## [Data in this exercise]

lemma top_non_closed_act:
  assumes g: "g \<in> G" and s: "s \<in> chains" "\<exists>x\<in>s. non_closed x"
  shows "top_non_closed (act g ` s) = act g (top_non_closed s)"
proof (rule top_non_closed_eq)
  have "s \<subseteq> P" using s by (auto simp: chains_iff)
  note x = top_non_closedD[OF s]
  show "act g (top_non_closed s) \<in> act g ` s" using x by auto
  show "non_closed (act g (top_non_closed s))" using x \<open>s \<subseteq> P\<close> non_closed_act[OF g] by auto
  show "\<forall>y\<in>act g ` s. non_closed y \<longrightarrow> y \<subseteq> act g (top_non_closed s)"
  proof (intro ballI impI)
    fix y assume "y \<in> act g ` s" "non_closed y"
    then obtain z where z: "z \<in> s" "y = act g z" by auto
    then have "z \<subseteq> top_non_closed s"
      using x(3) \<open>non_closed y\<close> non_closed_act[OF g] \<open>s \<subseteq> P\<close> by auto
    then show "y \<subseteq> act g (top_non_closed s)" using act_mono[OF g] z x(1) \<open>s \<subseteq> P\<close> by auto
  qed
qed

lemma matched_act:
  assumes g: "g \<in> G" and s: "matched s"
  shows "matched (act g ` s)" "rank (act g ` s) = rank s"
proof -
  note x = matchedD[OF s]
  have top: "top_non_closed (act g ` s) = act g (top_non_closed s)"
    using top_non_closed_act[OF g x(1)] x(4,6) by blast
  have "act g (c (top_non_closed s)) \<notin> act g ` s"
    using inj_onD[OF inj_on_act[OF g]] c_in[OF x(5)] x(3,8) by blast
  then show "matched (act g ` s)"
    using act_image_in_chains[OF g x(1)] x(3,4,6) non_closed_act[OF g] top c_act[OF g x(5)]
    by (auto simp: matched_def)
  have "card (act g ` s) = card s" using card_image[OF inj_on_subset[OF inj_on_act[OF g] x(3)]] .
  then show "rank (act g ` s) = rank s" using top card_act[OF g x(5)] by (simp add: rank_def)
qed

lemma act_image_identity: assumes "s \<subseteq> P" shows "\<exists>e\<in>G. act e ` s = s"
proof -
  obtain e where "e \<in> G" "\<forall>x\<in>P. act e x = x" using act_identity by blast
  then show ?thesis using assms by (intro bexI[of _ e]) (auto simp: subset_iff image_iff)
qed

lemma act_image_inverse: assumes "g \<in> G" "s \<subseteq> P" shows "\<exists>h\<in>G. act h ` act g ` s = s"
proof -
  obtain h where "h \<in> G" "\<forall>x\<in>P. act h (act g x) = x" using act_inverse[OF assms(1)] by blast
  then show ?thesis using assms(2) by (intro bexI[of _ h]) (auto simp: subset_iff image_iff)
qed

lemma act_image_compose:
  assumes "g \<in> G" "h \<in> G" "s \<subseteq> P" shows "\<exists>k\<in>G. act h ` act g ` s = act k ` s"
proof -
  obtain k where "k \<in> G" "\<forall>x\<in>P. act h (act g x) = act k x" using act_compose[OF assms(1,2)] by blast
  then show ?thesis using assms(3) by (intro bexI[of _ k]) (auto simp: subset_iff image_iff)
qed

lemma next_matched_act:
  assumes "next_matched R s" and "invariant R" and g: "g \<in> G"
  shows "next_matched R (act g ` s)"
proof -
  have s: "matched s" "s \<notin> R" using assms(1) by (auto simp: next_matched_def)
  have "act g ` s \<notin> R"
    using act_image_inverse[OF g matchedD(3)[OF s(1)]] s(2) assms(2) by (metis invariant_def)
  then show ?thesis using assms(1) matched_act[OF g s(1)] by (simp add: next_matched_def)
qed

text \<open>Two translates of \<open>s\<close> in a common coface both lie in \<open>partner (act g ` s)\<close>, so their top
  non-closed elements coincide, and freeness of the action applies.\<close>
lemma orbit_no_common_coface:
  assumes "next_matched R s" and g: "g \<in> G" and h: "h \<in> G"
    and t: "t \<in> avoiding R" "act g ` s \<subseteq> t" "act h ` s \<subseteq> t"
  shows "act g ` s = act h ` s"
proof -
  have s: "matched s" using assms(1) by (auto simp: next_matched_def)
  note x = matchedD[OF s]
  have gs: "matched (act g ` s)" and above: "\<forall>p. matched p \<and> rank (act g ` s) < rank p \<longrightarrow> p \<in> R"
    using assms(1) matched_act[OF g s] by (auto simp: next_matched_def)
  note y = matchedD[OF gs]
  have top_g: "top_non_closed (act g ` s) = act g (top_non_closed s)"
    using top_non_closed_act[OF g x(1)] x(4,6) by blast
  have nc_h: "non_closed (act h (top_non_closed s))" using non_closed_act[OF h x(5)] x(6) by simp
  then have "act h (top_non_closed s) \<noteq> c (top_non_closed (act g ` s))"
    using not_non_closed_c[OF y(5)] by auto
  moreover have "act h (top_non_closed s) \<in> partner (act g ` s)"
    using cofaces_of_matched[OF gs above t(1,2)] t(3) x(4) by auto
  ultimately have "act h (top_non_closed s) \<in> act g ` s" by (simp add: partner_def)
  then have "act h (top_non_closed s) \<subseteq> act g (top_non_closed s)" using y(7) nc_h top_g by auto
  moreover have "card (act g (top_non_closed s)) \<le> card (act h (top_non_closed s))"
    using card_act[OF g x(5)] card_act[OF h x(5)] by simp
  ultimately have "act h (top_non_closed s) = act g (top_non_closed s)"
    using subset_card_le_eq[OF act_in[OF g x(5)]] by blast
  then have "\<forall>y\<in>P. act g y = act h y" using act_free[OF g h x(5)] by simp
  then show ?thesis using x(3) by (auto intro!: image_cong)
qed

lemma elementary_collapse_orbit:
  assumes "next_matched R s" and R: "\<forall>p\<in>R. matched p" "invariant R"
  shows "elementary_G_collapse G act (avoiding R) (avoiding (R \<union> simplex_orbit G act s))"
proof -
  have s: "matched s" using assms(1) by (auto simp: next_matched_def)
  have free: "free_simplex (avoiding R) (act g ` s)" if "g \<in> G" for g
    using free_with_partner[OF next_matched_act[OF assms(1) R(2) that] R(1)]
    unfolding free_simplex_def by blast
  have "independently_free (avoiding R) (simplex_orbit G act s)"
    unfolding independently_free_def
  proof (intro conjI ballI impI)
    fix s1 assume "s1 \<in> simplex_orbit G act s"
    then show "free_simplex (avoiding R) s1" using free by (auto simp: simplex_orbit_def)
  next
    fix s1 s2 assume "s1 \<in> simplex_orbit G act s" "s2 \<in> simplex_orbit G act s" "s1 \<noteq> s2"
    moreover obtain g h where "g \<in> G" "h \<in> G" "s1 = act g ` s" "s2 = act h ` s"
      using calculation(1,2) unfolding simplex_orbit_def by blast
    ultimately show "\<not> (\<exists>t\<in>avoiding R. s1 \<subseteq> t \<and> s2 \<subseteq> t)"
      using orbit_no_common_coface[OF assms(1) \<open>g \<in> G\<close> \<open>h \<in> G\<close>] by auto
  qed
  moreover have "card (partner s) = card s + 1"
    using matchedD(2,8)[OF s] by (simp add: partner_def)
  moreover have "avoiding (R \<union> simplex_orbit G act s) = {t \<in> avoiding R. \<forall>g\<in>G. \<not> act g ` s \<subseteq> t}"
    unfolding avoiding_def simplex_orbit_def by blast
  ultimately show ?thesis unfolding elementary_G_collapse_def
    using free_with_partner[OF assms(1) R(1)] by (intro exI[of _ s] exI[of _ "partner s"]) simp
qed


lemma invariant_union_orbit:
  assumes R: "invariant R" and "s \<subseteq> P" shows "invariant (R \<union> simplex_orbit G act s)"
  unfolding invariant_def
proof (intro ballI)
  fix p g assume p: "p \<in> R \<union> simplex_orbit G act s" and g: "g \<in> G"
  show "act g ` p \<in> R \<union> simplex_orbit G act s"
  proof (cases "p \<in> R")
    case True
    then show ?thesis using R g by (simp add: invariant_def)
  next
    case False
    then obtain h where "h \<in> G" "p = act h ` s" using p by (auto simp: simplex_orbit_def)
    then obtain k where "k \<in> G" "act g ` p = act k ` s" using act_image_compose[OF _ g \<open>s \<subseteq> P\<close>] by blast
    then show ?thesis by (auto simp: simplex_orbit_def)
  qed
qed

lemma rank_upward_closed_union_orbit:
  assumes s: "next_matched R s" and R: "rank_upward_closed R"
  shows "rank_upward_closed (R \<union> simplex_orbit G act s)"
  unfolding rank_upward_closed_def
proof (intro ballI allI impI)
  fix p q assume p: "p \<in> R \<union> simplex_orbit G act s" and q: "matched q \<and> rank p < rank q"
  show "q \<in> R \<union> simplex_orbit G act s"
  proof (cases "p \<in> R")
    case True
    then show ?thesis using R q by (simp add: rank_upward_closed_def)
  next
    case False
    then obtain h where "h \<in> G" "p = act h ` s" using p by (auto simp: simplex_orbit_def)
    then have "rank p = rank s" using matched_act(2) s by (simp add: next_matched_def)
    then show ?thesis using s q by (simp add: next_matched_def)
  qed
qed

lemma finite_matched: "finite (Collect matched)"
  by (rule finite_subset[of _ "Pow P"]) (use finite_P matchedD(3) in auto)

lemma next_matched_exists:
  assumes "R \<subseteq> Collect matched" and R: "rank_upward_closed R" and "Collect matched - R \<noteq> {}"
  obtains s where "next_matched R s"
proof -
  let ?U = "Collect matched - R"
  have "finite ?U" using finite_matched by simp
  then have "Max (rank ` ?U) \<in> rank ` ?U" using assms(3) by (intro Max_in) auto
  then obtain s where s: "s \<in> ?U" "rank s = Max (rank ` ?U)" by auto
  have s_max: "rank p \<le> rank s" if "p \<in> ?U" for p
    unfolding s(2) using \<open>finite ?U\<close> that by (intro Max_ge) auto
  have "rank s \<le> rank p" if "p \<in> R" for p
  proof (rule ccontr)
    assume "\<not> rank s \<le> rank p"
    then have "s \<in> R" using R that s(1) by (auto simp: rank_upward_closed_def)
    then show False using s(1) by simp
  qed
  moreover have "p \<in> R" if "matched p" "rank s < rank p" for p
    using s_max[of p] that by fastforce
  ultimately have "next_matched R s" using s(1) by (simp add: next_matched_def)
  then show thesis using that by blast
qed

lemma collapses_to_avoiding_matched:
  assumes "R \<subseteq> Collect matched" "invariant R" "rank_upward_closed R"
  shows "G_collapses G act (avoiding R) (avoiding (Collect matched))"
  using assms
proof (induction "card (Collect matched - R)" arbitrary: R rule: less_induct)
  case less
  show ?case
  proof (cases "Collect matched - R = {}")
    case True
    then show ?thesis using less.prems(1) by (simp add: G_collapses_def Diff_eq_empty_iff subset_antisym)
  next
    case False
    then obtain s where s: "next_matched R s" using next_matched_exists less.prems by blast
    then have "matched s" "s \<notin> R" by (auto simp: next_matched_def)
    define R' where "R' = R \<union> simplex_orbit G act s"
    have step: "elementary_G_collapse G act (avoiding R) (avoiding R')"
      unfolding R'_def using elementary_collapse_orbit[OF s] less.prems by blast
    have "R' \<subseteq> Collect matched"
      using less.prems(1) matched_act(1)[OF _ \<open>matched s\<close>] by (auto simp: R'_def simplex_orbit_def)
    moreover have "invariant R'"
      unfolding R'_def by (rule invariant_union_orbit[OF less.prems(2) matchedD(3)[OF \<open>matched s\<close>]])
    moreover have "rank_upward_closed R'"
      unfolding R'_def by (rule rank_upward_closed_union_orbit[OF s less.prems(3)])
    moreover have "s \<in> R'"
      using act_image_identity[OF matchedD(3)[OF \<open>matched s\<close>]] by (auto simp: R'_def simplex_orbit_def)
    then have "card (Collect matched - R') < card (Collect matched - R)"
      using finite_matched \<open>matched s\<close> \<open>s \<notin> R\<close> by (intro psubset_card_mono) (auto simp: R'_def)
    ultimately have "G_collapses G act (avoiding R') (avoiding (Collect matched))"
      using less.hyps by blast
    then show ?thesis using step unfolding G_collapses_def by (rule converse_rtranclp_into_rtranclp[rotated])
  qed
qed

## [Your assignment]
When you come to the line containing "note x = top_non_closedD[OF s]", give it and stop; before that, repeat each line of the material exactly from the first one.

## [Your solution]
lemma top_non_closed_act:
  assumes g: "g \<in> G" and s: "s \<in> chains" "\<exists>x\<in>s. non_closed x"
  shows "top_non_closed (act g ` s) = act g (top_non_closed s)"
proof (rule top_non_closed_eq)
  have "s \<subseteq> P" using s by (auto simp: chains_iff)
  note x = top_non_closedD[OF s]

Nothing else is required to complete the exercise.